I must trouble you to call on Walter Scott for me about the MS. – At last I have received an answer from Froude [1]  to my proposition. It is the property of a Mrs Sherbrooke, who has given whatever it may produce to the <distressed> widow of a xxx clergyman, & leaves me full power to make the bargain. [2]  ten or twelve guineas – or even fifteen was what Thomson said he should be willing to give – I mentioned twelve in my lett proposal. What I wish you to do is to ask Scott how I shall direct the MSS. – & I will forward it as soon as your answer arrives. they in return will make their draft payable to Mrs Sherbrook, & inclose it to me, as it will be decorous that I should write to her, she having requested me when I travel that way to visit her & inspect other MSS. which are supposed to be on religious subjects, the whole being saved by one of her family from a parochial library at the reformation.

I am quite recovered, – & once more at work. reviewing is half done – I am come to Roscoe, whose book rises much in my estimation upon a second perusal. [3]  if it disappointed my curiosity or expectation, it satisfies my reasonable judgement, & I shall be able most truly to speak of it in terms of decided praise.

The Colonel has sent me half a collar of brawn, & a little barrel of pickled sturgeon – which of course have cost me a very civil letter. [4]  – We had on Thursday the heaviest gale I ever remember to have felt. At Portinscale it has blown down Mrs Masons [5]  chimney, & one of her trees – which I fear must be the great sycamore behind the house. Two of Dentons [6]  windows have been driven in. We have escaped with only the loss of the holly at the top of the garden & a few tiles from the roof, – but the house rocked & the timbers cracked like a ship in a storm. it lasted nearly four & twenty hours. the Cockermouth carriers who attempted to cross Winlatter [7]  were obliged to return, & a chaise on the same road was nearly overturned by the wind. – The house however is in more danger from below than from above. The rats nightly spring a mine in some part or other, & make me apprehensive of the fate of Bishop Hatto. [8] 

The Count is working at a collection of Specimens of English Prose, [9]  chronologically arranged – with biographical sketches – a scheme of mine. – I gave myself at first credit great credit for discovering what he could do – but after ten days labour here, his heart failed him, & he declared his resolution to give it up. however on reaching London he went to Longman & x in consequence of the interview has resumed it, still more I suppose from Lambs advice, who will be able very materially to help him, as I have already done, & shall do. I wrote to Wm Taylor to ask him also to lend him a hand – so the book will have as many fathers as Orion. [10] 

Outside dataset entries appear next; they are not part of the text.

(* Tight GFG-NSWs and tight GFG-NRWs are weak-type: every tight GFG-NSW and every tight GFG-NRW $\mathcal{A}=\langle\Sigma,Q,Q_0,\delta,\alpha\rangle$ whose language is recognized by some GFG-NWW has an equivalent GFG-NWW on the same structure, i.e. there is $\alpha'\subseteq Q$ such that $\langle\Sigma,Q,Q_0,\delta,\alpha'\rangle$ is a weak automaton, is GFG, and recognizes $L(\mathcal{A})$.
   Context: An automaton $\langle\Sigma,Q,Q_0,\delta,\alpha\rangle$ has $\delta:Q\times\Sigma\to2^Q$; runs are accepting if the set $S$ of infinitely visited states satisfies $\alpha$. Rabin ($\alpha$ a set of pairs $\langle E,F\rangle$): some pair has $S\cap E=\emptyset$, $S\cap F\ne\emptyset$; Streett: every pair has $S\cap E=\emptyset$ or $S\cap F\ne\emptyset$; Büchi ($\alpha\subseteq Q$): $S\cap\alpha\ne\emptyset$. A Büchi automaton is weak if each strongly connected component $C$ satisfies $C\subseteq\alpha$ or $C\cap\alpha=\emptyset$. NSW/NRW/NWW: nondeterministic Streett/Rabin/weak word automaton. $\mathcal{A}$ is GFG if there is a strategy $g:\Sigma^*\to Q$ such that for every $w=a_1a_2\cdots$, $g(\epsilon),g(a_1),g(a_1a_2),\ldots$ is a run on $w$, accepting whenever $w\in L(\mathcal{A})$. Finite-state strategies are transducers $g=\langle\Sigma,Q,M,m_0,\rho,\tau\rangle$ (finite memories $M$, $\rho:M\times\Sigma\to M$ extended to words from $m_0$, $\tau:M\to Q$, $g(u)=\tau(\rho(u))$); $m$ is a memory of $q$ if $\tau(m)=q$. $\mathcal{A}_g=\langle\Sigma,M,m_0,\rho,\alpha_g\rangle$ where $\alpha_g$ replaces each set $F$ in $\alpha$ by $\{m\mid\tau(m)\in F\}$. A transition $\langle q,a,q'\rangle$ is used by $g$ if $q=g(u)$, $q'=g(ua)$ for some $u$. A combination of paths from a set $P$ of finite paths is the union of the element sets of a nonempty subset of $P$. For memories $m\neq m'$ with $\tau(m)=\tau(m')$, $m$ is replaceable by $m'$ if the set of paths of $\mathcal{A}_g$ from $m'$ to $m$ is empty or all its combinations are accepting. $\mathcal{A}$ is tight if for some finite-state strategy $g$ witnessing its GFGness, every transition is used by $g$ and no memory is replaceable by a different memory of the same state. *)

theory Defs
  imports Main
begin

datatype 'q cond =
    Rabin "('q set \<times> 'q set) set"
  | Streett "('q set \<times> 'q set) set"
  | Buchi "'q set"

fun accepts :: "'q cond \<Rightarrow> 'q set \<Rightarrow> bool" where
  "accepts (Rabin P) S = (\<exists>(E, F) \<in> P. S \<inter> E = {} \<and> S \<inter> F \<noteq> {})"
| "accepts (Streett P) S = (\<forall>(E, F) \<in> P. S \<inter> E = {} \<or> S \<inter> F \<noteq> {})"
| "accepts (Buchi F) S = (S \<inter> F \<noteq> {})"

definition pre :: "'m set \<Rightarrow> ('m \<Rightarrow> 'q) \<Rightarrow> 'q set \<Rightarrow> 'm set" where
  "pre M tau F = {m \<in> M. tau m \<in> F}"

fun map_cond :: "'m set \<Rightarrow> ('m \<Rightarrow> 'q) \<Rightarrow> 'q cond \<Rightarrow> 'm cond" where
  "map_cond M tau (Rabin P) = Rabin ((\<lambda>(E, F). (pre M tau E, pre M tau F)) ` P)"
| "map_cond M tau (Streett P) = Streett ((\<lambda>(E, F). (pre M tau E, pre M tau F)) ` P)"
| "map_cond M tau (Buchi F) = Buchi (pre M tau F)"

record ('a, 'q) aut =
  alph :: "'a set"
  states :: "'q set"
  init :: "'q set"
  trans :: "'q \<Rightarrow> 'a \<Rightarrow> 'q set"
  acc :: "'q cond"

definition automaton :: "('a, 'q) aut \<Rightarrow> bool" where
  "automaton A \<longleftrightarrow> finite (alph A) \<and> finite (states A) \<and> init A \<subseteq> states A \<and>
     (\<forall>q \<in> states A. \<forall>a \<in> alph A. trans A q a \<subseteq> states A)"

definition word :: "('a, 'q) aut \<Rightarrow> (nat \<Rightarrow> 'a) \<Rightarrow> bool" where
  "word A w \<longleftrightarrow> (\<forall>i. w i \<in> alph A)"

definition run :: "('a, 'q) aut \<Rightarrow> (nat \<Rightarrow> 'a) \<Rightarrow> (nat \<Rightarrow> 'q) \<Rightarrow> bool" where
  "run A w r \<longleftrightarrow> r 0 \<in> init A \<and> (\<forall>i. r (Suc i) \<in> trans A (r i) (w i))"

definition inf_set :: "(nat \<Rightarrow> 'q) \<Rightarrow> 'q set" where
  "inf_set r = {q. \<exists>\<^sub>\<infinity>i. r i = q}"

definition accepting_run :: "('a, 'q) aut \<Rightarrow> (nat \<Rightarrow> 'a) \<Rightarrow> (nat \<Rightarrow> 'q) \<Rightarrow> bool" where
  "accepting_run A w r \<longleftrightarrow> run A w r \<and> accepts (acc A) (inf_set r)"

definition lang :: "('a, 'q) aut \<Rightarrow> (nat \<Rightarrow> 'a) set" where
  "lang A = {w. word A w \<and> (\<exists>r. accepting_run A w r)}"

definition edges :: "('a, 'q) aut \<Rightarrow> ('q \<times> 'q) set" where
  "edges A = {(q, q'). q \<in> states A \<and> (\<exists>a \<in> alph A. q' \<in> trans A q a)}"

definition scc :: "('a, 'q) aut \<Rightarrow> 'q \<Rightarrow> 'q set" where
  "scc A q = {q' \<in> states A. (q, q') \<in> (edges A)\<^sup>* \<and> (q', q) \<in> (edges A)\<^sup>*}"

definition weak :: "('a, 'q) aut \<Rightarrow> bool" where
  "weak A \<longleftrightarrow> (\<exists>\<alpha>. acc A = Buchi \<alpha> \<and> \<alpha> \<subseteq> states A \<and>
     (\<forall>q \<in> states A. scc A q \<subseteq> \<alpha> \<or> scc A q \<inter> \<alpha> = {}))"

definition pref :: "nat \<Rightarrow> (nat \<Rightarrow> 'a) \<Rightarrow> 'a list" where
  "pref i w = map w [0..<i]"

definition gfg_strategy :: "('a, 'q) aut \<Rightarrow> ('a list \<Rightarrow> 'q) \<Rightarrow> bool" where
  "gfg_strategy A g \<longleftrightarrow> (\<forall>w. word A w \<longrightarrow>
      run A w (\<lambda>i. g (pref i w)) \<and>
      (w \<in> lang A \<longrightarrow> accepts (acc A) (inf_set (\<lambda>i. g (pref i w)))))"

definition GFG :: "('a, 'q) aut \<Rightarrow> bool" where
  "GFG A \<longleftrightarrow> (\<exists>g. gfg_strategy A g)"

section \<open>Finite-state strategies (memories are natural numbers, w.l.o.g.)\<close>

record ('a, 'q) transducer =
  mem :: "nat set"
  m0 :: nat
  rho :: "nat \<Rightarrow> 'a \<Rightarrow> nat"
  tau :: "nat \<Rightarrow> 'q"

definition transducer_wf :: "('a, 'q) aut \<Rightarrow> ('a, 'q) transducer \<Rightarrow> bool" where
  "transducer_wf A T \<longleftrightarrow> finite (mem T) \<and> m0 T \<in> mem T \<and>
     (\<forall>m \<in> mem T. \<forall>a \<in> alph A. rho T m a \<in> mem T) \<and>
     (\<forall>m \<in> mem T. tau T m \<in> states A)"

definition rho_star :: "('a, 'q) transducer \<Rightarrow> 'a list \<Rightarrow> nat" where
  "rho_star T u = fold (\<lambda>a m. rho T m a) u (m0 T)"

definition strat :: "('a, 'q) transducer \<Rightarrow> 'a list \<Rightarrow> 'q" where
  "strat T u = tau T (rho_star T u)"

definition mem_aut :: "('a, 'q) aut \<Rightarrow> ('a, 'q) transducer \<Rightarrow> ('a, nat) aut" where
  "mem_aut A T = \<lparr> alph = alph A, states = mem T, init = {m0 T},
      trans = (\<lambda>m a. {rho T m a}), acc = map_cond (mem T) (tau T) (acc A) \<rparr>"

definition used :: "('a, 'q) aut \<Rightarrow> ('a, 'q) transducer \<Rightarrow> 'q \<Rightarrow> 'a \<Rightarrow> 'q \<Rightarrow> bool" where
  "used A T q a q' \<longleftrightarrow> (\<exists>u \<in> lists (alph A). q = strat T u \<and> q' = strat T (u @ [a]))"

definition paths :: "('a, 'q) aut \<Rightarrow> 'q \<Rightarrow> 'q \<Rightarrow> 'q list set" where
  "paths A p p' = {ps. ps \<noteq> [] \<and> hd ps = p \<and> last ps = p' \<and> set ps \<subseteq> states A \<and>
      (\<forall>i. Suc i < length ps \<longrightarrow> (\<exists>a \<in> alph A. ps ! Suc i \<in> trans A (ps ! i) a))}"

definition replaceable :: "('a, 'q) aut \<Rightarrow> ('a, 'q) transducer \<Rightarrow> nat \<Rightarrow> nat \<Rightarrow> bool" where
  "replaceable A T m m' \<longleftrightarrow> m \<in> mem T \<and> m' \<in> mem T \<and> m \<noteq> m' \<and> tau T m = tau T m' \<and>
     (let P = paths (mem_aut A T) m' m in
       P = {} \<or> (\<forall>X \<subseteq> P. X \<noteq> {} \<longrightarrow> accepts (acc (mem_aut A T)) (\<Union>ps \<in> X. set ps)))"

definition tight :: "('a, 'q) aut \<Rightarrow> bool" where
  "tight A \<longleftrightarrow> (\<exists>T. transducer_wf A T \<and> gfg_strategy A (strat T) \<and>
     (\<forall>q \<in> states A. \<forall>a \<in> alph A. \<forall>q' \<in> trans A q a. used A T q a q') \<and>
     (\<forall>m m'. \<not> replaceable A T m m'))"

end

(* A strategy g witnessing tightness uses every transition, so a state q = g u accepts exactly
   the residual of L(A) after u, and this correspondence is preserved along every transition.
   Let alpha' be the union of the SCCs that carry an accepting infinite path. An accepting run
   ends inside such an SCC, so L(A) is contained in the Buchi language of alpha' and g remains
   a GFG strategy for it. Conversely, let a rejecting run end in an SCC C carrying an accepting
   path. Then C carries both an accepting and a rejecting path, and as C is strongly connected,
   the finite words leading to states of C form a set from which membership in L(A) can be
   switched on and off forever. Playing these alternations against a GFG strategy of the weak
   automaton B yields a run of B visiting accepting and rejecting states infinitely often, hence
   inside one SCC of B, which weakness forbids. *)

theory Submission
  imports Defs "HOL-Library.Omega_Words_Fun"
begin

section \<open>Runs and strongly connected components\<close>

lemma pref_eq_prefix: "pref i w = prefix i w"
  by (simp add: pref_def subsequence_def)

lemma inf_set_eq_limit: "inf_set = limit"
  by (simp add: fun_eq_iff inf_set_def limit_def)

lemma word_conc: "u \<in> lists (alph A) \<Longrightarrow> word A x \<Longrightarrow> word A (u \<frown> x)"
  by (auto simp: word_def conc_def)

lemma word_suffix: "word A w \<Longrightarrow> word A (suffix n w)"
  by (simp add: word_def)

lemma acc_update_simps [simp]:
  "scc (A\<lparr>acc := c\<rparr>) = scc A"
  "word (A\<lparr>acc := c\<rparr>) = word A"
  "run (A\<lparr>acc := c\<rparr>) = run A"
  by (simp_all add: edges_def scc_def word_def run_def fun_eq_iff)

lemma scc_subset_states: "scc A q \<subseteq> states A"
  by (auto simp: scc_def)

lemma scc_eq: "q' \<in> scc A q \<Longrightarrow> scc A q' = scc A q"
  unfolding scc_def by (auto intro: rtrancl_trans)

lemma run_states:
  assumes "automaton A" "word A w" "run A w r"
  shows "r i \<in> states A"
proof (induction i)
  case 0
  then show ?case using assms by (auto simp: automaton_def run_def)
next
  case (Suc i)
  then show ?case using assms unfolding automaton_def run_def word_def by blast
qed

lemma run_finite_range: "automaton A \<Longrightarrow> word A w \<Longrightarrow> run A w r \<Longrightarrow> finite (range r)"
  using run_states by (metis automaton_def finite_subset image_subset_iff)

lemma run_reach:
  assumes "automaton A" "word A w" "run A w r" "i \<le> j"
  shows "(r i, r j) \<in> (edges A)\<^sup>*"
  using \<open>i \<le> j\<close>
proof (induction j rule: dec_induct)
  case (step j)
  have "(r j, r (Suc j)) \<in> edges A"
    using assms run_states[OF assms(1-3)] by (auto simp: edges_def run_def word_def)
  with step.IH show ?case by simp
qed simp

lemma limit_run_subset_scc:
  assumes "automaton A" "word A w" "run A w r" "q \<in> limit r"
  shows "limit r \<subseteq> scc A q"
proof
  fix q' assume "q' \<in> limit r"
  have reach: "(p, p') \<in> (edges A)\<^sup>*" if "p \<in> limit r" "p' \<in> limit r" for p p'
  proof -
    obtain i where "r i = p" using \<open>p \<in> limit r\<close> by (auto simp: limit_def dest: INFM_EX)
    moreover obtain j where "i \<le> j" "r j = p'"
      using \<open>p' \<in> limit r\<close> by (auto simp: limit_def INFM_nat_le)
    ultimately show ?thesis using run_reach[OF assms(1-3)] by blast
  qed
  have "q' \<in> range r" using \<open>q' \<in> limit r\<close> by (rule subsetD[OF limit_in_range])
  then have "q' \<in> states A" using run_states[OF assms(1-3)] by auto
  then show "q' \<in> scc A q" using reach \<open>q' \<in> limit r\<close> assms(4) by (simp add: scc_def)
qed

lemma weak_run_limit:
  assumes "automaton A" "weak A" "acc A = Buchi \<alpha>" "word A w" "run A w r"
  shows "limit r \<subseteq> \<alpha> \<or> limit r \<inter> \<alpha> = {}"
proof (cases "limit r = {}")
  case False
  then obtain q where q: "q \<in> limit r" by blast
  have "q \<in> states A"
    using scc_subset_states limit_run_subset_scc[OF assms(1,4,5) q] q by (meson subsetD)
  then have "scc A q \<subseteq> \<alpha> \<or> scc A q \<inter> \<alpha> = {}"
    using assms(2,3) by (auto simp: weak_def)
  then show ?thesis using limit_run_subset_scc[OF assms(1,4,5) q] by blast
qed simp

section \<open>Languages of states and residuals\<close>

definition run_from :: "('a, 'q) aut \<Rightarrow> 'q \<Rightarrow> (nat \<Rightarrow> 'a) \<Rightarrow> (nat \<Rightarrow> 'q) \<Rightarrow> bool" where
  "run_from A q x r \<longleftrightarrow> r 0 = q \<and> (\<forall>i. r (Suc i) \<in> trans A (r i) (x i))"

definition state_lang :: "('a, 'q) aut \<Rightarrow> 'q \<Rightarrow> (nat \<Rightarrow> 'a) set" where
  "state_lang A q = {x. \<exists>r. run_from A q x r \<and> accepts (acc A) (limit r)}"

lemma run_iff_run_from: "run A w r \<longleftrightarrow> r 0 \<in> init A \<and> run_from A (r 0) w r"
  by (simp add: run_def run_from_def)

lemma run_from_build: "run_from A q (a ## x) (q ## r) \<longleftrightarrow> r 0 \<in> trans A q a \<and> run_from A (r 0) x r"
proof
  assume "run_from A q (a ## x) (q ## r)"
  then have step: "(q ## r) (Suc i) \<in> trans A ((q ## r) i) ((a ## x) i)" for i
    by (simp only: run_from_def)
  show "r 0 \<in> trans A q a \<and> run_from A (r 0) x r"
    using step[of 0] step[of "Suc _"] by (simp add: run_from_def)
next
  assume r: "r 0 \<in> trans A q a \<and> run_from A (r 0) x r"
  show "run_from A q (a ## x) (q ## r)"
    unfolding run_from_def
  proof (intro conjI allI)
    show "(q ## r) (Suc i) \<in> trans A ((q ## r) i) ((a ## x) i)" for i
      using r by (cases i) (simp_all add: run_from_def)
  qed simp
qed
lemma inner_diag_mat_pos:
  assumes w: "\<And>x. w x > 0" and u: "u \<noteq> 0"
  shows "0 < u \<bullet> (diag_mat w *v u)"
proof -
  obtain x0 where x0: "u $ x0 \<noteq> 0"
    using u by (auto simp: vec_eq_iff)
  have pos: "0 < w x0 * (u $ x0)\<^sup>2"
    using x0 w by simp
  have "0 < (\<Sum>x\<in>UNIV. w x * (u $ x)\<^sup>2)"
    by (rule sum_pos2[of UNIV x0]) (use pos w in \<open>auto intro: mult_nonneg_nonneg[OF less_imp_le]\<close>)
  then show ?thesis by (simp add: inner_diag_mat)
qed

lemma nonneg_quadratic_linear_coeff_zero:
  fixes a b :: real
  assumes "\<And>t. 0 \<le> a * t + b * t\<^sup>2"
  shows "a = 0"
proof (rule ccontr)
  assume a: "a \<noteq> 0"
  define d where "d = \<bar>b\<bar> + 1"
  have d: "d > 0" by (simp add: d_def)
  have "(a * (- a / d) + b * (- a / d)\<^sup>2) * d\<^sup>2 = a\<^sup>2 * (b - d)"
    using d by (simp add: field_simps power2_eq_square)
  also have "\<dots> < 0"
    using a by (intro mult_pos_neg) (auto simp: d_def)
  finally show False
    using assms[of "- a / d"] by (simp add: mult_less_0_iff)
qed
lemma sum_sesquilinear_unitary_invariant:
  fixes \<Phi> :: "('n::finite) cmat \<Rightarrow> 'n cmat \<Rightarrow> 'n cmat"
  assumes I: "finite I" and U: "unitary_on I U"
    and sesq: "\<And>u v. \<Phi> (\<Sum>j\<in>I. msc (u j) (A j)) (\<Sum>k\<in>I. msc (v k) (B k)) =
      (\<Sum>j\<in>I. \<Sum>k\<in>I. msc (cnj (u j) * v k) (\<Phi> (A j) (B k)))"
  shows "(\<Sum>i\<in>I. \<Phi> (\<Sum>j\<in>I. msc (U j i) (A j)) (\<Sum>k\<in>I. msc (U k i) (B k))) =
    (\<Sum>j\<in>I. \<Phi> (A j) (B j))"
proof -
  have "(\<Sum>i\<in>I. \<Phi> (\<Sum>j\<in>I. msc (U j i) (A j)) (\<Sum>k\<in>I. msc (U k i) (B k))) =
      (\<Sum>i\<in>I. \<Sum>j\<in>I. \<Sum>k\<in>I. msc (cnj (U j i) * U k i) (\<Phi> (A j) (B k)))"
    by (simp add: sesq)
  also have "\<dots> = (\<Sum>j\<in>I. \<Sum>k\<in>I. msc (\<Sum>i\<in>I. cnj (U j i) * U k i) (\<Phi> (A j) (B k)))"
    by (subst sum.swap, rule sum.cong[OF refl], subst sum.swap) (simp add: msc_sum_left)
  also have "\<dots> = (\<Sum>j\<in>I. \<Sum>k\<in>I. msc (if j = k then 1 else 0) (\<Phi> (A j) (B k)))"
  proof (intro sum.cong refl)
    fix j k
    assume "j \<in> I" "k \<in> I"
    then have "(\<Sum>i\<in>I. U k i * cnj (U j i)) = (if k = j then 1 else 0)"
      using U unfolding unitary_on_def by blast
    then show "msc (\<Sum>i\<in>I. cnj (U j i) * U k i) (\<Phi> (A j) (B k)) =
        msc (if j = k then 1 else 0) (\<Phi> (A j) (B k))"
      by (simp add: mult.commute eq_commute[of k j])
  qed
  also have "\<dots> = (\<Sum>j\<in>I. \<Phi> (A j) (B j))"
    using I by (simp add: if_distrib[of "\<lambda>c. msc c _"] cong: if_cong)
  finally show ?thesis .
qed

lemma sesquilinear_hs_msc:
  "msc (hs (\<Sum>j\<in>I. msc (u j) (A j)) X) (\<Sum>k\<in>I. msc (v k) (B k)) =
    (\<Sum>j\<in>I. \<Sum>k\<in>I. msc (cnj (u j) * v k) (msc (hs (A j) X) (B k)))"
  unfolding hs_sum_left msc_sum_left by (simp add: hs_msc_left msc_sum msc_msc ac_simps)
lemma scale_pos_iff:
  assumes "0 < c"
  shows "lt 0 (scale c x) \<longleftrightarrow> lt 0 x"
proof
  assume "lt 0 (scale c x)"
  then have "lt (scale (inverse c) 0) (scale (inverse c) (scale c x))"
    using assms ordered unfolding ordered_vs_def by (metis inverse_positive_iff_positive)
  then show "lt 0 x"
    using assms by simp
next
  assume "lt 0 x"
  then show "lt 0 (scale c x)"
    using assms ordered unfolding ordered_vs_def by (metis scale_zero_right)
qed

lemma scale_neg_iff:
  assumes "c < 0"
  shows "lt 0 (scale c x) \<longleftrightarrow> lt x 0"
  using scale_pos_iff[of "- c" "- x"] assms by (simp add: neg_pos_iff)

lemma sign_between:
  assumes "x = y \<longleftrightarrow> z = x" and "lt y x \<longleftrightarrow> lt x z"
    and "y = 0 \<longleftrightarrow> z = 0" and "lt 0 y \<longleftrightarrow> lt 0 z"
  shows "(x = 0 \<longleftrightarrow> y = 0) \<and> (lt 0 x \<longleftrightarrow> lt 0 y)"
proof (cases "x = y")
  case True
  then show ?thesis using assms by simp
next
  case False
  then have "lt y x \<and> lt x z \<or> lt x y \<and> lt z x"
    using assms(1,2) lt_linear by metis
  then show ?thesis
    using assms(3,4) lt_linear lt_trans lt_asym by (elim disjE conjE) blast+
qed

end

primrec trm_subst :: "nat \<Rightarrow> ('c, 'g) trm \<Rightarrow> ('c, 'g) trm \<Rightarrow> ('c, 'g) trm" where
  "trm_subst y s (Var x) = (if x = y then s else Var x)"
| "trm_subst y s (Par g) = Par g"
| "trm_subst y s Zero = Zero"
| "trm_subst y s (Plus t u) = Plus (trm_subst y s t) (trm_subst y s u)"
| "trm_subst y s (Scal c t) = Scal c (trm_subst y s t)"

primrec trm_rename :: "(nat \<Rightarrow> nat) \<Rightarrow> ('c, 'g) trm \<Rightarrow> ('c, 'g) trm" where
  "trm_rename r (Var x) = Var (r x)"
| "trm_rename r (Par g) = Par g"
| "trm_rename r Zero = Zero"
| "trm_rename r (Plus t u) = Plus (trm_rename r t) (trm_rename r u)"
| "trm_rename r (Scal c t) = Scal c (trm_rename r t)"

primrec linear_part :: "('c, 'g) trm \<Rightarrow> ('c, 'g) trm" where
  "linear_part (Var x) = Var x"
| "linear_part (Par g) = Zero"
| "linear_part Zero = Zero"
| "linear_part (Plus t u) = Plus (linear_part t) (linear_part u)"
| "linear_part (Scal c t) = Scal c (linear_part t)"

primrec coeff :: "nat \<Rightarrow> ('c::field, 'g) trm \<Rightarrow> 'c" where
  "coeff y (Var x) = (if x = y then 1 else 0)"
| "coeff y (Par g) = 0"
| "coeff y Zero = 0"
| "coeff y (Plus t u) = coeff y t + coeff y u"
| "coeff y (Scal c t) = c * coeff y t"

text \<open>The root of \<open>t\<close> as a linear equation in \<open>Var y\<close>; junk if \<open>coeff y t = 0\<close>.\<close>

definition solve :: "nat \<Rightarrow> ('c::field, 'g) trm \<Rightarrow> ('c, 'g) trm" where
  "solve y t = Scal (- inverse (coeff y t)) (trm_subst y Zero t)"

lemma params_trm_subst: "params_trm (trm_subst y s t) \<subseteq> params_trm t \<union> params_trm s"
  by (induction t) auto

I have received my books concerning the Cid from Bristol, & as soon as the reviewing is over shall begin to make that ready for the press. [11]  Duppa has sent me two letters for Espriella –, which are in tune to a nicety, – I shall have two or three more from him; – by what is done & by the subjects which yet remain to be noticed, it seems likely to make three small volumes instead of two. [12] 

My Turtle died at Cork performing quarantine, as did all the rest on board the same ship. [13]  no letters from Tom, nor from Lisbon since my last.

My daughters taste for the fine arts continues to increase. her favourite picture at present is that of the Cacodæmons clapper-clawing the Brasilians in John de Lery; [14]  the Devil seems to be quite as great a source of amusement to her as he is to me. And now I believe you have all the news & the no-news that I can give you, – Except that crazy Harrison [15]  is printing at his own expence those verses which you may remember he made me hear & peruse afterwards – poor fellow he will be gravely hurt to find that nobody will praise his book, & nobody buy it.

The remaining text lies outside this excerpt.